▸ **YOUR GOAL**: Give again, unaltered, the lines of the listing below that run from the line having "Convolution of real" through the line having "The state space".

*** Opening DATA FOR THIS EXERCISE ***

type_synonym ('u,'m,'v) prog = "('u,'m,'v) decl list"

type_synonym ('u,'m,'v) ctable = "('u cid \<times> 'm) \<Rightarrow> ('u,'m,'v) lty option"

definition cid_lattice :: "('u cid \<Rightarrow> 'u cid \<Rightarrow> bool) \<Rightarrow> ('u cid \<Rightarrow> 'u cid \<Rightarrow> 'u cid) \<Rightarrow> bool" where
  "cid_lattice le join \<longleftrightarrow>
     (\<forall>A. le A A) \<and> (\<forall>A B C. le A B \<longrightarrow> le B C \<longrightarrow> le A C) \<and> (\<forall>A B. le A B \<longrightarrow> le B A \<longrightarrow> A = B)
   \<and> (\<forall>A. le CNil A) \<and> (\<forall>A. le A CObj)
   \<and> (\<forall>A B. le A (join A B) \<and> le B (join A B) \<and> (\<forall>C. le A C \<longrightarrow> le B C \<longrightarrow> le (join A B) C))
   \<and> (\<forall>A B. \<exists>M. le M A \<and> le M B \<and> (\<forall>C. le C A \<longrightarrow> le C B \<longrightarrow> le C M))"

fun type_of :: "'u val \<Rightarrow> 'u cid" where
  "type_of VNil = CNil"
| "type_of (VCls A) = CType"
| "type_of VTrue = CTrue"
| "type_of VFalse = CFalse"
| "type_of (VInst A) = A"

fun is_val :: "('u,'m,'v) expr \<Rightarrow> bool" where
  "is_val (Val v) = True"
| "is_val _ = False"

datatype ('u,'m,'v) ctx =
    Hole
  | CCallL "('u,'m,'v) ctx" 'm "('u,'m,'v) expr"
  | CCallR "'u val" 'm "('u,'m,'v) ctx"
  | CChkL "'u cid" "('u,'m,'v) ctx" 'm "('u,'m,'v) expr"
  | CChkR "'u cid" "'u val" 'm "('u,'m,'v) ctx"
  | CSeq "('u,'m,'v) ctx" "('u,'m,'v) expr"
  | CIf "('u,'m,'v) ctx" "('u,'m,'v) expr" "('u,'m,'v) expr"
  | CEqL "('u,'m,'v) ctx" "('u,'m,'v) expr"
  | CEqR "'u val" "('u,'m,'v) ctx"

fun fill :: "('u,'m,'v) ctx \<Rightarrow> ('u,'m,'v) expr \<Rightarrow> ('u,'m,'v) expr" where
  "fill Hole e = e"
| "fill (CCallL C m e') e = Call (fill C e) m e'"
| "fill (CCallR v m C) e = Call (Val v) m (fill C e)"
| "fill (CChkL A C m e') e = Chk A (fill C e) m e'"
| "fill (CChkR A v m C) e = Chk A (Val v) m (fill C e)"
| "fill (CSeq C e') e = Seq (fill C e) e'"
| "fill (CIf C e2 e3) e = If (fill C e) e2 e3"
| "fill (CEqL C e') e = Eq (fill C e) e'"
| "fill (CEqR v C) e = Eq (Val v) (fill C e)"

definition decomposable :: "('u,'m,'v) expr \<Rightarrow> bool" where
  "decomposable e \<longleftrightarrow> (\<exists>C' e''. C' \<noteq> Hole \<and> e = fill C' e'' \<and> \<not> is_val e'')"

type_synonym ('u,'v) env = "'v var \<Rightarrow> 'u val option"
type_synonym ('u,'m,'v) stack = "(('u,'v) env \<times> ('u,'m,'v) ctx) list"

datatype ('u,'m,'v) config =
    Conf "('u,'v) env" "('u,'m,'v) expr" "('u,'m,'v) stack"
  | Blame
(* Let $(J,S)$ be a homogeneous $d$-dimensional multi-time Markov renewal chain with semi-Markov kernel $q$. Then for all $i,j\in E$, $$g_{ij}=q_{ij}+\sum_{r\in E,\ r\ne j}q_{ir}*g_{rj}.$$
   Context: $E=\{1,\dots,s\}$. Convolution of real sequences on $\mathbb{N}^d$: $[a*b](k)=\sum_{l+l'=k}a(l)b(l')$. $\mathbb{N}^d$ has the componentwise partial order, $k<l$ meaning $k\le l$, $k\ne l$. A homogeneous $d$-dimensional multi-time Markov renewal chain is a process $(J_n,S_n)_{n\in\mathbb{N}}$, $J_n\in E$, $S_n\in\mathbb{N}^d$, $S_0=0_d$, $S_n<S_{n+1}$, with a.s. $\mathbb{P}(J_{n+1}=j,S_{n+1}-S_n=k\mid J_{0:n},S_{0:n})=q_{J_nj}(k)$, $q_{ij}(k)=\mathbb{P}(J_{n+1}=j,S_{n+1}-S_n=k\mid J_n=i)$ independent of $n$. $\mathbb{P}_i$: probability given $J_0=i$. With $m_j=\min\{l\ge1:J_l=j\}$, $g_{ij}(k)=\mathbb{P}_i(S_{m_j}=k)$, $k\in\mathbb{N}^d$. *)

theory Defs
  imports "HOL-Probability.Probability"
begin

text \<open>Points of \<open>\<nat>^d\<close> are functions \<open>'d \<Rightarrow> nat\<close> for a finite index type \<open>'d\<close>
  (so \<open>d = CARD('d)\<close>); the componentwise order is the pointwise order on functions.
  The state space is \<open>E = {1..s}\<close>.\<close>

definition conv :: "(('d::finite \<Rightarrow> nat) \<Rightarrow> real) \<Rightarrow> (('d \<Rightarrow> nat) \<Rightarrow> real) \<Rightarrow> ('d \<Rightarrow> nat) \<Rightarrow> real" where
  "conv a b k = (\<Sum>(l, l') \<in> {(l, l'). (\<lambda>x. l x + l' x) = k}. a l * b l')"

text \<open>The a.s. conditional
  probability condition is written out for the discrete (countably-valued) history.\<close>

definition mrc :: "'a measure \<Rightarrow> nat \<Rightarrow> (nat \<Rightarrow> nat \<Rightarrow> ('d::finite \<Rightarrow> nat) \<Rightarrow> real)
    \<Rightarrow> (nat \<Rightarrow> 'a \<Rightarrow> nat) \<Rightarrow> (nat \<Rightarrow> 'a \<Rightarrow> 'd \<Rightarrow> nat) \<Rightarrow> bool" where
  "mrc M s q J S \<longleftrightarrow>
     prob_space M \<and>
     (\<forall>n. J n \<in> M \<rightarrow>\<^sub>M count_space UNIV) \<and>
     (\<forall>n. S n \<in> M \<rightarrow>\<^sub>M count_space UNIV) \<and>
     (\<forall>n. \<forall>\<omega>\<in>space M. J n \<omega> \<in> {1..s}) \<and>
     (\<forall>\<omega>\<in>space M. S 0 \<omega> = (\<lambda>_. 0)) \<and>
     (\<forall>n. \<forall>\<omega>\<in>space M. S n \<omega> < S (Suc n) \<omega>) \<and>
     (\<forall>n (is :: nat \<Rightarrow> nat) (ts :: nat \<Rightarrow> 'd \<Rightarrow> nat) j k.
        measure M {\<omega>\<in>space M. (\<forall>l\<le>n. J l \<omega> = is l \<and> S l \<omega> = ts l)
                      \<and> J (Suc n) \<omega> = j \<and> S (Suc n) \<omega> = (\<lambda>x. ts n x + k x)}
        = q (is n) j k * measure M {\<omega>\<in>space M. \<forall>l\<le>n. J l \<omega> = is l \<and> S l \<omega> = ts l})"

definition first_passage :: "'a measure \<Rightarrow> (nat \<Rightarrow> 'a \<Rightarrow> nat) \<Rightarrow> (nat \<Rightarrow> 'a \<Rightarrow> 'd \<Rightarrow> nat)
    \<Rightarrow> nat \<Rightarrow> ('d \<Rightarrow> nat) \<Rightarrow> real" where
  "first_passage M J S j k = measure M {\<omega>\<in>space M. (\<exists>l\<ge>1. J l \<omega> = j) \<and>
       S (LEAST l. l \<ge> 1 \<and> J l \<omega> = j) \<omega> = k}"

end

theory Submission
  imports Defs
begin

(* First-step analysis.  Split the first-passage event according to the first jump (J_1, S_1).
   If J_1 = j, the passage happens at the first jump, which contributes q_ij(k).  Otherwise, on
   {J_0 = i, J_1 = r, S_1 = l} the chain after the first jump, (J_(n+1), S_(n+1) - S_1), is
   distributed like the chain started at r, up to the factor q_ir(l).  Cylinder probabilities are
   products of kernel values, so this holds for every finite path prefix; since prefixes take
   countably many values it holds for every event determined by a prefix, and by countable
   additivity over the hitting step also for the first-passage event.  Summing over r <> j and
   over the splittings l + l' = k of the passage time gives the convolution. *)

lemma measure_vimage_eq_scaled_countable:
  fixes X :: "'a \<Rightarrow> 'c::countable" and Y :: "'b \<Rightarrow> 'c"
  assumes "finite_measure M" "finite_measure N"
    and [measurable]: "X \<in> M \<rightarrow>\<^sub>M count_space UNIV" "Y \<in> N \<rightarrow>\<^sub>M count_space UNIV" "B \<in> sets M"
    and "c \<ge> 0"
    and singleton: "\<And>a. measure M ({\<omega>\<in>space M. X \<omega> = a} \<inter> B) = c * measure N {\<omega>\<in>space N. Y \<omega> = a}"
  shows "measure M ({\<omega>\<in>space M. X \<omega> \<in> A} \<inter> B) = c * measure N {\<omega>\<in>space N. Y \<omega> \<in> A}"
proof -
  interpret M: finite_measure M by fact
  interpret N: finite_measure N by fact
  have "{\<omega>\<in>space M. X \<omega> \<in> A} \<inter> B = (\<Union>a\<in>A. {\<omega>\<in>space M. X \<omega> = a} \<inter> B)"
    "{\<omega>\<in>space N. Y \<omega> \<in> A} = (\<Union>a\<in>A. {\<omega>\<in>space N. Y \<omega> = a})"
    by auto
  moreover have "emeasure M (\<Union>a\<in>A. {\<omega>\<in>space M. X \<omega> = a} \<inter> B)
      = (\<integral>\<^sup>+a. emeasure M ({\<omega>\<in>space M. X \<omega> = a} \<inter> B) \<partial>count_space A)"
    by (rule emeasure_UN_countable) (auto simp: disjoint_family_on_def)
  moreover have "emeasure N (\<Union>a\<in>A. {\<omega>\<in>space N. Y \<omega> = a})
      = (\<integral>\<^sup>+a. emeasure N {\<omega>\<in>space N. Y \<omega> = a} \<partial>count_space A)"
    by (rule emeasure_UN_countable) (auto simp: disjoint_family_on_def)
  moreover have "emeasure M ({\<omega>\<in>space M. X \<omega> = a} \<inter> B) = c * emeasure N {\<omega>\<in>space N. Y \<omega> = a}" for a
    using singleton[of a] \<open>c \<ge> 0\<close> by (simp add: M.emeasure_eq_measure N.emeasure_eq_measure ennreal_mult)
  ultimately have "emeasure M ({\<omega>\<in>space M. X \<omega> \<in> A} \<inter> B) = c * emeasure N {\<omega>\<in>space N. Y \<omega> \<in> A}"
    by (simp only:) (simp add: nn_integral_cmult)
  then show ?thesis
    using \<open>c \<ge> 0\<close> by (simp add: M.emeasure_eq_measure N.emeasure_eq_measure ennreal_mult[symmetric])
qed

*** Closing DATA FOR THIS EXERCISE ***

▸ **WRITTEN SOLUTION**:
   Context: $E=\{1,\dots,s\}$. Convolution of real sequences on $\mathbb{N}^d$: $[a*b](k)=\sum_{l+l'=k}a(l)b(l')$. $\mathbb{N}^d$ has the componentwise partial order, $k<l$ meaning $k\le l$, $k\ne l$. A homogeneous $d$-dimensional multi-time Markov renewal chain is a process $(J_n,S_n)_{n\in\mathbb{N}}$, $J_n\in E$, $S_n\in\mathbb{N}^d$, $S_0=0_d$, $S_n<S_{n+1}$, with a.s. $\mathbb{P}(J_{n+1}=j,S_{n+1}-S_n=k\mid J_{0:n},S_{0:n})=q_{J_nj}(k)$, $q_{ij}(k)=\mathbb{P}(J_{n+1}=j,S_{n+1}-S_n=k\mid J_n=i)$ independent of $n$. $\mathbb{P}_i$: probability given $J_0=i$. With $m_j=\min\{l\ge1:J_l=j\}$, $g_{ij}(k)=\mathbb{P}_i(S_{m_j}=k)$, $k\in\mathbb{N}^d$. *)

theory Defs
  imports "HOL-Probability.Probability"
begin

text \<open>Points of \<open>\<nat>^d\<close> are functions \<open>'d \<Rightarrow> nat\<close> for a finite index type \<open>'d\<close>
  (so \<open>d = CARD('d)\<close>); the componentwise order is the pointwise order on functions.
  The state space is \<open>E = {1..s}\<close>.\<close>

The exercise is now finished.